The king rail (Rallus elegans) is a waterbird, the largest North American rail.

Description

Distinct features are a long bill with a slight downward curve, with adults being brown on the back and rusty-brown on the face and breast with a dark brown cap. They also have a white throat and a light belly with barred flanks. Immature birds are covered in down, with light brown on the head and darker brown on the back and wings.

This bird's call is a low repeated grunt transcribed as kek-kek-kek.

Distribution and Habitat
This bird breeds in marshes in eastern North America. Birds along the southeastern coasts of the United States are permanent residents. Other birds migrate to the southern United States and Mexico; in Canada, they are found in southern Ontario. An adult King Rail will molt completely after nesting and it becomes flightless for almost a month.

Ecology
This bird is diurnal, contrasting with its smaller, nocturnal relatives.

Breeding
The nest is a raised platform built with marsh vegetation and covered by a canopy. This is to hide the eggs of this bird from predators that are searching from above.
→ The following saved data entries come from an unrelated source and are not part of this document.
(* Let $M_1 \in \mathbb{Z}^{m\times m}$ be nonsingular, $M_2 \in \mathbb{Z}^{\ell_2 \times m}$, $F \in \mathbb{Z}^{n\times m}$, and let $(S,W)$ be a Smith massager for $M_1$. Then $$\mathcal{R}\left(\begin{bmatrix} M_1 \\ M_2 \end{bmatrix}, F\right) = \mathcal{R}\left(\begin{bmatrix} S \\ \mathrm{colmod}(M_2W,S)\end{bmatrix}, \mathrm{colmod}(FW,S)\right).$$
   Context: For an integer matrix $A$, $\mathcal{L}(A)$ denotes the lattice of all $\mathbb{Z}$-linear combinations of the rows of $A$. For $M \in \mathbb{Z}^{\ell \times m}$ of full column rank and $F \in \mathbb{Z}^{n \times m}$, the integer relations lattice is $\mathcal{R}(M,F) := \{p \in \mathbb{Z}^{1\times n} : pF \in \mathcal{L}(M)\}$. For a diagonal $S \in \mathbb{Z}_{\ge 0}^{m\times m}$ with positive diagonal and $A$ with $m$ columns, $\mathrm{colmod}(A,S)$ is the matrix obtained from $A$ by replacing each entry in column $j$ by its residue in $\{0,\dots,S_{jj}-1\}$ modulo $S_{jj}$. "$A \equiv B \bmod S$" means every row of $A-B$ lies in $\mathcal{L}(S)$. A Smith form is a diagonal matrix $\mathrm{diag}(s_1,\dots,s_m)$ with nonnegative integer entries and $s_i \mid s_{i+1}$; the Smith form of a nonsingular $M$ is the unique such matrix $UMV$ with $U,V$ unimodular. If $M \in \mathbb{Z}^{m\times m}$ is nonsingular with Smith form $S$, a pair $(S,W)$ with $W \in \mathbb{Z}^{m\times m}$ is a Smith massager for $M$ if (i) $MW \equiv 0 \bmod S$ and (ii) there exists $Z \in \mathbb{Z}^{m\times m}$ with $ZW \equiv I_m \bmod S$. *)

theory Defs
  imports "Jordan_Normal_Form.Determinant"
begin

text \<open>A row vector p in Z^(1 x n) is an int vec of dimension n;
 the product pF is (transpose_mat F) *v p.\<close>

definition row_lattice :: "int mat \<Rightarrow> int vec set" where
  "row_lattice A = {v. \<exists>c :: int vec. dim_vec c = dim_row A \<and> v = transpose_mat A *\<^sub>v c}"

definition relations_lattice :: "int mat \<Rightarrow> int mat \<Rightarrow> int vec set" where
  "relations_lattice M F = {p. dim_vec p = dim_row F \<and> transpose_mat F *\<^sub>v p \<in> row_lattice M}"

definition stack_mat :: "int mat \<Rightarrow> int mat \<Rightarrow> int mat" where
  "stack_mat A B = mat (dim_row A + dim_row B) (dim_col A)
     (\<lambda>(i,j). if i < dim_row A then A $$ (i,j) else B $$ (i - dim_row A, j))"

definition colmod :: "int mat \<Rightarrow> int mat \<Rightarrow> int mat" where
  "colmod A S = mat (dim_row A) (dim_col A) (\<lambda>(i,j). A $$ (i,j) mod S $$ (j,j))"

definition cong_mod_mat :: "int mat \<Rightarrow> int mat \<Rightarrow> int mat \<Rightarrow> bool" where
  "cong_mod_mat A B S = (\<forall>i < dim_row A. row (A - B) i \<in> row_lattice S)"

definition smith_form :: "int mat \<Rightarrow> bool" where
  "smith_form S = (square_mat S \<and> diagonal_mat S \<and>
     (\<forall>i < dim_row S. S $$ (i,i) \<ge> 0) \<and>
     (\<forall>i. i + 1 < dim_row S \<longrightarrow> S $$ (i,i) dvd S $$ (i+1,i+1)))"

definition unimodular :: "nat \<Rightarrow> int mat \<Rightarrow> bool" where
  "unimodular m U = (U \<in> carrier_mat m m \<and> (det U = 1 \<or> det U = -1))"

definition is_smith_form_of :: "int mat \<Rightarrow> int mat \<Rightarrow> bool" where
  "is_smith_form_of S M = (\<exists>m. M \<in> carrier_mat m m \<and> S \<in> carrier_mat m m \<and> smith_form S \<and>
     (\<exists>U V. unimodular m U \<and> unimodular m V \<and> S = U * M * V))"

definition smith_massager :: "int mat \<Rightarrow> int mat \<Rightarrow> int mat \<Rightarrow> bool" where
  "smith_massager M S W = (\<exists>m. M \<in> carrier_mat m m \<and> det M \<noteq> 0 \<and>
     is_smith_form_of S M \<and> W \<in> carrier_mat m m \<and>
     cong_mod_mat (M * W) (0\<^sub>m m m) S \<and>
     (\<exists>Z \<in> carrier_mat m m. cong_mod_mat (Z * W) (1\<^sub>m m) S))"

end

theory Submission
  imports Defs
begin

(*
  Write s_j for the diagonal entries of S; they are positive because M1 is nonsingular, and
  L(S) consists of the vectors v with s_j dividing v_j for all j.  The massager detects L(M1):
  v lies in L(M1) iff vW lies in L(S).  If v = cM1 then vW = c(M1 W) lies in L(S).  Conversely,
  let S = U M1 V and T = V^-1 W.  Then ST = U M1 W and (ZV)T = ZW, so y |-> yT is a well-defined
  self-map of the finite group Z^m / L(S) with a right inverse, hence injective; as (vV)T = vW
  lies in L(S), so does vV, and therefore v = (vV)V^-1 lies in L(M1).
  Consequently p lies in R([M1; M2], F) iff pF - bM2 lies in L(M1) for some b, iff
  p(FW) - b(M2 W) lies in L(S), and replacing FW and M2 W by their column-wise residues modulo S
  changes neither side of this condition.
*)

definition mult_vec_mat :: "'a :: semiring_0 vec \<Rightarrow> 'a mat \<Rightarrow> 'a vec" (infixl "\<^sub>v*" 70) where
  "v \<^sub>v* A = transpose_mat A *\<^sub>v v"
The king rail interbreeds with the clapper rail where their ranges overlap; some researchers believe that these two birds belong to the same species.

The king rail lays a clutch of 6 to 14 pale buff eggs with brown spotting. They usually measure . Both parents incubate the eggs for 21 to 23 days. When the eggs hatch, the young are covered in down and are able to leave the nest. They are not able to feed themselves, though, and thus must rely on their parents for food for up to six weeks after they hatch.

Feeding
This rail forages in shallow water near cover and eats mainly aquatic insects and crustaceans. It forages by probing the mud while moving around in shallow water.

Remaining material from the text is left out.